What this task involves –
List every line in this data where the string "ultimately" occurs.

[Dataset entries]

★ ★ ★

(* Let $\Omega\subset\mathbb{C}$ be a simply connected domain, let $g:\Omega\to\mathbb{C}\setminus\{0\}$ be holomorphic, and let $\mathcal{A},\mathcal{B}:\Omega\to\mathbb{R}$ be $\mathcal{C}^2$ functions satisfying $$\mathcal{A}_{z\overline z}=\frac{-1+|g|^2}{1+|g|^2}\,\mathcal{B}_{z\overline z}\quad\text{and}\quad \mathcal{A}_z\neq\frac{-1+|g|^2}{1+|g|^2}\,\mathcal{B}_z\ \text{ at every point of }\Omega.$$ Then there exists a map $\mathbf{X}=(\mathbf{x}_1,\mathbf{x}_2,\mathbf{x}_3,\mathbf{x}_4):\Omega\to\mathbb{L}^4$ (unique up to an additive constant vector) with $$\mathbf{X}_z=\mathcal{A}_z\begin{bmatrix}\frac12\left(\frac1g-g\right)\\ \frac i2\left(\frac1g+g\right)\\ 1\\ 0\end{bmatrix}+\mathcal{B}_z\begin{bmatrix}\frac12\left(\frac1g+g\right)\\ \frac i2\left(\frac1g-g\right)\\ 0\\ 1\end{bmatrix},$$ which is a conformal spacelike immersion parameterizing a marginally trapped surface in $\mathbb{L}^4$, such that: up to additive constants $\mathbf{x}_3=\mathcal{A}$ and $\mathbf{x}_4=\mathcal{B}$; the vector $\mathcal{G}:=\big(2\,\mathrm{Re}\,g,\;2\,\mathrm{Im}\,g,\;-1+|g|^2,\;1+|g|^2\big)^T$ satisfies $\langle\mathbf{X}_z,\mathcal{G}\rangle=0$; and the induced metric is $$ds^2=\left(|g|+\frac{1}{|g|}\right)^2\left|\mathcal{A}_z-\frac{-1+|g|^2}{1+|g|^2}\,\mathcal{B}_z\right|^2|dz|^2 .$$
   Context: $\Omega\subset\mathbb{R}^2\equiv\mathbb{C}$ has complex coordinate $z=u+iv$, and $\partial_z=\frac12(\partial_u-i\partial_v)$, $\partial_{\overline z}=\frac12(\partial_u+i\partial_v)$; subscripts denote partial derivatives. $\mathbb{L}^4$ is $\mathbb{R}^4$ with the Lorentzian metric $\langle x,y\rangle=x_1y_1+x_2y_2+x_3y_3-x_4y_4$; this form is extended complex-bilinearly to $\mathbb{C}^4$. A map $\mathbf{X}:\Omega\to\mathbb{L}^4$ is a conformal spacelike immersion with metric $\Lambda|dz|^2=\Lambda(du^2+dv^2)$, $\Lambda>0$, iff $\langle\mathbf{X}_z,\mathbf{X}_z\rangle=0$ and $\Lambda=2\langle\mathbf{X}_z,\overline{\mathbf{X}_z}\rangle>0$. Its mean curvature vector is $\mathbf{H}=\Delta_{ds^2}\mathbf{X}=\frac{4}{\Lambda}\mathbf{X}_{z\overline z}$. A spacelike surface is marginally trapped if $\langle\mathbf{H},\mathbf{H}\rangle=0$. *)

theory Defs
  imports "HOL-Analysis.Analysis"
begin

definition pu :: "(complex \<Rightarrow> 'a::real_normed_vector) \<Rightarrow> complex \<Rightarrow> 'a" where
  "pu f z = vector_derivative (\<lambda>t::real. f (z + of_real t)) (at 0)"

definition pv :: "(complex \<Rightarrow> 'a::real_normed_vector) \<Rightarrow> complex \<Rightarrow> 'a" where
  "pv f z = vector_derivative (\<lambda>t::real. f (z + \<i> * of_real t)) (at 0)"

definition C1_on :: "complex set \<Rightarrow> (complex \<Rightarrow> 'a::real_normed_vector) \<Rightarrow> bool" where
  "C1_on S f \<longleftrightarrow>
     (\<forall>z\<in>S. (\<lambda>t::real. f (z + of_real t)) differentiable (at 0)
          \<and> (\<lambda>t::real. f (z + \<i> * of_real t)) differentiable (at 0))
     \<and> continuous_on S (pu f) \<and> continuous_on S (pv f)"

definition C2_on :: "complex set \<Rightarrow> (complex \<Rightarrow> 'a::real_normed_vector) \<Rightarrow> bool" where
  "C2_on S f \<longleftrightarrow> C1_on S f \<and> C1_on S (pu f) \<and> C1_on S (pv f)"

definition wz :: "(complex \<Rightarrow> complex) \<Rightarrow> complex \<Rightarrow> complex" where
  "wz f z = (pu f z - \<i> * pv f z) / 2"

definition wzb :: "(complex \<Rightarrow> complex) \<Rightarrow> complex \<Rightarrow> complex" where
  "wzb f z = (pu f z + \<i> * pv f z) / 2"

definition cr :: "(complex \<Rightarrow> real) \<Rightarrow> complex \<Rightarrow> complex" where
  "cr f = (\<lambda>z. complex_of_real (f z))"

section \<open>Lorentz form on C^4 (complex-bilinear extension of the L^4 metric)\<close>

type_synonym c4 = "complex \<times> complex \<times> complex \<times> complex"

fun lor :: "c4 \<Rightarrow> c4 \<Rightarrow> complex" where
  "lor (a1, a2, a3, a4) (b1, b2, b3, b4) = a1 * b1 + a2 * b2 + a3 * b3 - a4 * b4"

fun cnj4 :: "c4 \<Rightarrow> c4" where
  "cnj4 (a1, a2, a3, a4) = (cnj a1, cnj a2, cnj a3, cnj a4)"

fun scale4 :: "complex \<Rightarrow> c4 \<Rightarrow> c4" where
  "scale4 c (a1, a2, a3, a4) = (c * a1, c * a2, c * a3, c * a4)"

definition Xz :: "(complex \<Rightarrow> real) \<Rightarrow> (complex \<Rightarrow> real) \<Rightarrow> (complex \<Rightarrow> real) \<Rightarrow> (complex \<Rightarrow> real)
   \<Rightarrow> complex \<Rightarrow> c4" where
  "Xz x1 x2 x3 x4 z = (wz (cr x1) z, wz (cr x2) z, wz (cr x3) z, wz (cr x4) z)"

definition Xzzb :: "(complex \<Rightarrow> real) \<Rightarrow> (complex \<Rightarrow> real) \<Rightarrow> (complex \<Rightarrow> real) \<Rightarrow> (complex \<Rightarrow> real)
   \<Rightarrow> complex \<Rightarrow> c4" where
  "Xzzb x1 x2 x3 x4 z = (wz (wzb (cr x1)) z, wz (wzb (cr x2)) z,
                         wz (wzb (cr x3)) z, wz (wzb (cr x4)) z)"

definition Lam :: "(complex \<Rightarrow> real) \<Rightarrow> (complex \<Rightarrow> real) \<Rightarrow> (complex \<Rightarrow> real) \<Rightarrow> (complex \<Rightarrow> real)
   \<Rightarrow> complex \<Rightarrow> complex" where
  "Lam x1 x2 x3 x4 z = 2 * lor (Xz x1 x2 x3 x4 z) (cnj4 (Xz x1 x2 x3 x4 z))"

definition conformal_spacelike_immersion ::
  "complex set \<Rightarrow> (complex \<Rightarrow> real) \<Rightarrow> (complex \<Rightarrow> real) \<Rightarrow> (complex \<Rightarrow> real) \<Rightarrow> (complex \<Rightarrow> real) \<Rightarrow> bool" where
  "conformal_spacelike_immersion S x1 x2 x3 x4 \<longleftrightarrow>
     (\<forall>z\<in>S. lor (Xz x1 x2 x3 x4 z) (Xz x1 x2 x3 x4 z) = 0
            \<and> Im (Lam x1 x2 x3 x4 z) = 0 \<and> Re (Lam x1 x2 x3 x4 z) > 0)"

definition Hvec :: "(complex \<Rightarrow> real) \<Rightarrow> (complex \<Rightarrow> real) \<Rightarrow> (complex \<Rightarrow> real) \<Rightarrow> (complex \<Rightarrow> real)
   \<Rightarrow> complex \<Rightarrow> c4" where
  "Hvec x1 x2 x3 x4 z = scale4 (4 / Lam x1 x2 x3 x4 z) (Xzzb x1 x2 x3 x4 z)"

definition marginally_trapped ::
  "complex set \<Rightarrow> (complex \<Rightarrow> real) \<Rightarrow> (complex \<Rightarrow> real) \<Rightarrow> (complex \<Rightarrow> real) \<Rightarrow> (complex \<Rightarrow> real) \<Rightarrow> bool" where
  "marginally_trapped S x1 x2 x3 x4 \<longleftrightarrow>
     (\<forall>z\<in>S. lor (Hvec x1 x2 x3 x4 z) (Hvec x1 x2 x3 x4 z) = 0)"

definition kappa :: "(complex \<Rightarrow> complex) \<Rightarrow> complex \<Rightarrow> real" where
  "kappa g z = (-1 + (cmod (g z))^2) / (1 + (cmod (g z))^2)"

definition Xz_rhs :: "(complex \<Rightarrow> complex) \<Rightarrow> (complex \<Rightarrow> real) \<Rightarrow> (complex \<Rightarrow> real) \<Rightarrow> complex \<Rightarrow> c4" where
  "Xz_rhs g A B z =
    (let a = wz (cr A) z; b = wz (cr B) z; w = g z in
     (a * ((1/2) * (1/w - w)) + b * ((1/2) * (1/w + w)),
      a * ((\<i>/2) * (1/w + w)) + b * ((\<i>/2) * (1/w - w)),
      a,
      b))"

definition Gvec :: "(complex \<Rightarrow> complex) \<Rightarrow> complex \<Rightarrow> c4" where
  "Gvec g z = (of_real (2 * Re (g z)), of_real (2 * Im (g z)),
               of_real (-1 + (cmod (g z))^2), of_real (1 + (cmod (g z))^2))"

end

theory Submission
  imports Defs "HOL-Complex_Analysis.Riemann_Mapping"
begin

(* The components x3, x4 are A, B themselves, while x1, x2 must be real functions whose
   d/dz-derivatives are prescribed combinations f = A_z p + B_z q with p, q holomorphic in g.
   A C^1 function f is d/dz of a real function exactly when the real 1-form Re (2 f dz) is
   closed, i.e. when d f / d zbar is real.  Here d f / d zbar = A_(z zbar) p + B_(z zbar) q
   = B_(z zbar) (kappa p + q) by the hypothesis on A_(z zbar), and kappa p + q is real for both
   choices of (p, q).  Closed forms are exact on convex domains (radial Poincare integral) and
   hence on simply connected ones, after pulling back along a Riemann map.  Since p, q are
   holomorphic, X_(z zbar) has the same shape as X_z with A_z, B_z replaced by A_(z zbar),
   B_(z zbar); every vector of that shape is null, so the mean curvature vector is null.  The
   remaining claims (conformality, the metric, <X_z, G> = 0) are algebraic identities in g. *)

section \<open>Partial derivatives in the plane\<close>

lemma has_vector_derivative_along_line:
  fixes f :: "complex \<Rightarrow> 'a::real_normed_vector"
  assumes "(f has_derivative D) (at (z + of_real t * e))"
  shows "((\<lambda>s::real. f (z + of_real s * e)) has_vector_derivative D e) (at t within X)"
proof -
  have "((\<lambda>s::real. z + of_real s * e) has_derivative (\<lambda>s. of_real s * e)) (at t within X)"
    by (auto intro!: derivative_eq_intros)
  from has_derivative_in_compose[OF this has_derivative_subset[OF assms]]
  have "((\<lambda>s::real. f (z + of_real s * e)) has_derivative (\<lambda>s. D (of_real s * e))) (at t within X)"
    by (simp add: o_def)
  moreover have "D (of_real s * e) = s *\<^sub>R D e" for s
    using linear_scale[OF has_derivative_linear[OF assms], of s e] by (simp add: scaleR_conv_of_real)
  ultimately show ?thesis by (simp add: has_vector_derivative_def)
qed

lemma partials_of_derivative:
  fixes f :: "complex \<Rightarrow> 'a::real_normed_vector"
  assumes "(f has_derivative D) (at z)"
  shows "pu f z = D 1" "pv f z = D \<i>"
proof -
  have "((\<lambda>s::real. f (z + of_real s * 1)) has_vector_derivative D 1) (at 0)"
       "((\<lambda>s::real. f (z + of_real s * \<i>)) has_vector_derivative D \<i>) (at 0)"
    by (rule has_vector_derivative_along_line, use assms in simp)+
  then show "pu f z = D 1" "pv f z = D \<i>"
    by (simp_all add: pu_def pv_def vector_derivative_at mult.commute)
qed

lemma partials_cong:
  fixes f g :: "complex \<Rightarrow> 'a::real_normed_vector"
  assumes "open S" "z \<in> S" "\<And>w. w \<in> S \<Longrightarrow> f w = g w"
  shows "pu f z = pu g z" "pv f z = pv g z"
proof -
  have ev: "eventually (\<lambda>t::real. z + of_real t * e \<in> S) (nhds 0)" for e
  proof -
    have "open ((\<lambda>t::real. z + of_real t * e) -` S)"
      by (rule open_vimage[OF assms(1)]) (intro continuous_intros)
    moreover have "0 \<in> (\<lambda>t::real. z + of_real t * e) -` S" using assms(2) by simp
    ultimately show ?thesis unfolding eventually_nhds by blast
  qed
  show "pu f z = pu g z"
    unfolding pu_def
    by (rule vector_derivative_cong_eq) (use ev[of 1] assms(3) in \<open>auto elim: eventually_mono\<close>)
  show "pv f z = pv g z"
    unfolding pv_def
    by (rule vector_derivative_cong_eq)
      (use ev[of "\<i>"] assms(3) in \<open>auto elim: eventually_mono simp: mult.commute\<close>)
qed

lemma has_derivative_shifted_line:
  fixes f :: "complex \<Rightarrow> 'a::real_normed_vector"
  assumes "((\<lambda>t::real. f (w + of_real t * e)) has_vector_derivative v) (at 0)"
  shows "((\<lambda>s. f (w + of_real (s - s0) * e)) has_derivative (\<lambda>t. t *\<^sub>R v)) (at s0 within X)"
proof -
  have "((\<lambda>s::real. s - s0) has_derivative (\<lambda>t. t)) (at s0 within X)"
    by (auto intro!: derivative_eq_intros)
  moreover have "((\<lambda>t::real. f (w + of_real t * e)) has_derivative (\<lambda>t. t *\<^sub>R v)) (at ((\<lambda>s. s - s0) s0))"
    using assms by (simp add: has_vector_derivative_def)
  ultimately show ?thesis
    using has_derivative_compose by (fastforce simp: o_def)
qed

lemma Complex_mem_ball:
  assumes "dist (Re z) x < r / 2" "dist (Im z) y < r / 2"
  shows "Complex x y \<in> ball z r"
proof -
  have "cmod (z - Complex x y) \<le> \<bar>Re z - x\<bar> + \<bar>Im z - y\<bar>"
    using cmod_le[of "z - Complex x y"] by simp
  also have "\<dots> < r" using assms by (simp add: dist_real_def)
  finally show ?thesis by (simp add: dist_norm)
qed

lemma has_derivative_Complex_coordinates:
  fixes f :: "complex \<Rightarrow> 'a::real_normed_vector"
  assumes S: "open S" and C1: "C1_on S f" and z: "z \<in> S"
  shows "((\<lambda>(x, y). f (Complex x y)) has_derivative (\<lambda>(tx, ty). tx *\<^sub>R pu f z + ty *\<^sub>R pv f z))
    (at (Re z, Im z))"
proof -
  have lu: "((\<lambda>t::real. f (w + of_real t * 1)) has_vector_derivative pu f w) (at 0)"
   and lv: "((\<lambda>t::real. f (w + of_real t * \<i>)) has_vector_derivative pv f w) (at 0)" if "w \<in> S" for w
    using C1 that by (auto simp: C1_on_def pu_def pv_def vector_derivative_works mult.commute)
  obtain r where r: "r > 0" "ball z r \<subseteq> S" using S z openE by blast
  define X where "X = ball (Re z) (r/2)"
  define Y where "Y = ball (Im z) (r/2)"
  have XY: "open (X \<times> Y)" "(Re z, Im z) \<in> X \<times> Y" "Im z \<in> Y" "convex Y"
    using r by (auto simp: X_def Y_def open_Times)
  have inS: "Complex x y \<in> S" if "x \<in> X" "y \<in> Y" for x y
    using Complex_mem_ball[of z x r y] that r(2) by (auto simp: X_def Y_def)
  have "z + of_real (x - Re z) * 1 = Complex x (Im z)" for x by (simp add: complex_eq_iff)
  then have fx: "((\<lambda>x. f (Complex x (Im z))) has_derivative (\<lambda>t. t *\<^sub>R pu f z)) (at (Re z) within X)"
    using has_derivative_shifted_line[OF lu[OF z], of "Re z" X] by simp
  have fy: "((\<lambda>y. f (Complex x y)) has_derivative blinfun_apply (blinfun_scaleR_left (pv f (Complex x y))))
      (at y within Y)" if "x \<in> X" "y \<in> Y" for x y
  proof -
    have "Complex x y + of_real (s - y) * \<i> = Complex x s" for s by (simp add: complex_eq_iff)
    then show ?thesis using has_derivative_shifted_line[OF lv[OF inS[OF that]], of y Y] by simp
  qed
  have "continuous_on (X \<times> Y) (\<lambda>p. Complex (fst p) (snd p))"
    by (simp add: Complex_eq continuous_intros)
  moreover have "continuous_on S (pv f)" using C1 by (simp add: C1_on_def)
  moreover have "(\<lambda>p. Complex (fst p) (snd p)) ` (X \<times> Y) \<subseteq> S" using inS by auto
  ultimately have "continuous_on (X \<times> Y) (\<lambda>p. pv f (Complex (fst p) (snd p)))"
    using continuous_on_compose2 by blast
  then have "continuous_on (X \<times> Y) (\<lambda>p. blinfun_scaleR_left (pv f (Complex (fst p) (snd p))))"
    by (intro continuous_intros)
  then have "continuous (at (Re z, Im z) within X \<times> Y)
      (\<lambda>p. blinfun_scaleR_left (pv f (Complex (fst p) (snd p))))"
    using XY(2) continuous_on_eq_continuous_within by blast
  then have "continuous (at (Re z, Im z) within X \<times> Y) (\<lambda>(x, y). blinfun_scaleR_left (pv f (Complex x y)))"
    by (simp add: case_prod_unfold)
  from has_derivative_partialsI[OF fx fy this XY(3,4)]
  have "((\<lambda>(x, y). f (Complex x y)) has_derivative
      (\<lambda>(tx, ty). tx *\<^sub>R pu f z + blinfun_scaleR_left (pv f (Complex (Re z) (Im z))) ty))
      (at (Re z, Im z))"
    using XY(1,2) at_within_open by metis
  then show ?thesis by simp
qed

★ ★ ★

Output –
  ultimately show ?thesis by (simp add: has_vector_derivative_def)
    ultimately show ?thesis unfolding eventually_nhds by blast
  ultimately show ?thesis
  ultimately have "continuous_on (X \<times> Y) (\<lambda>p. pv f (Complex (fst p) (snd p)))"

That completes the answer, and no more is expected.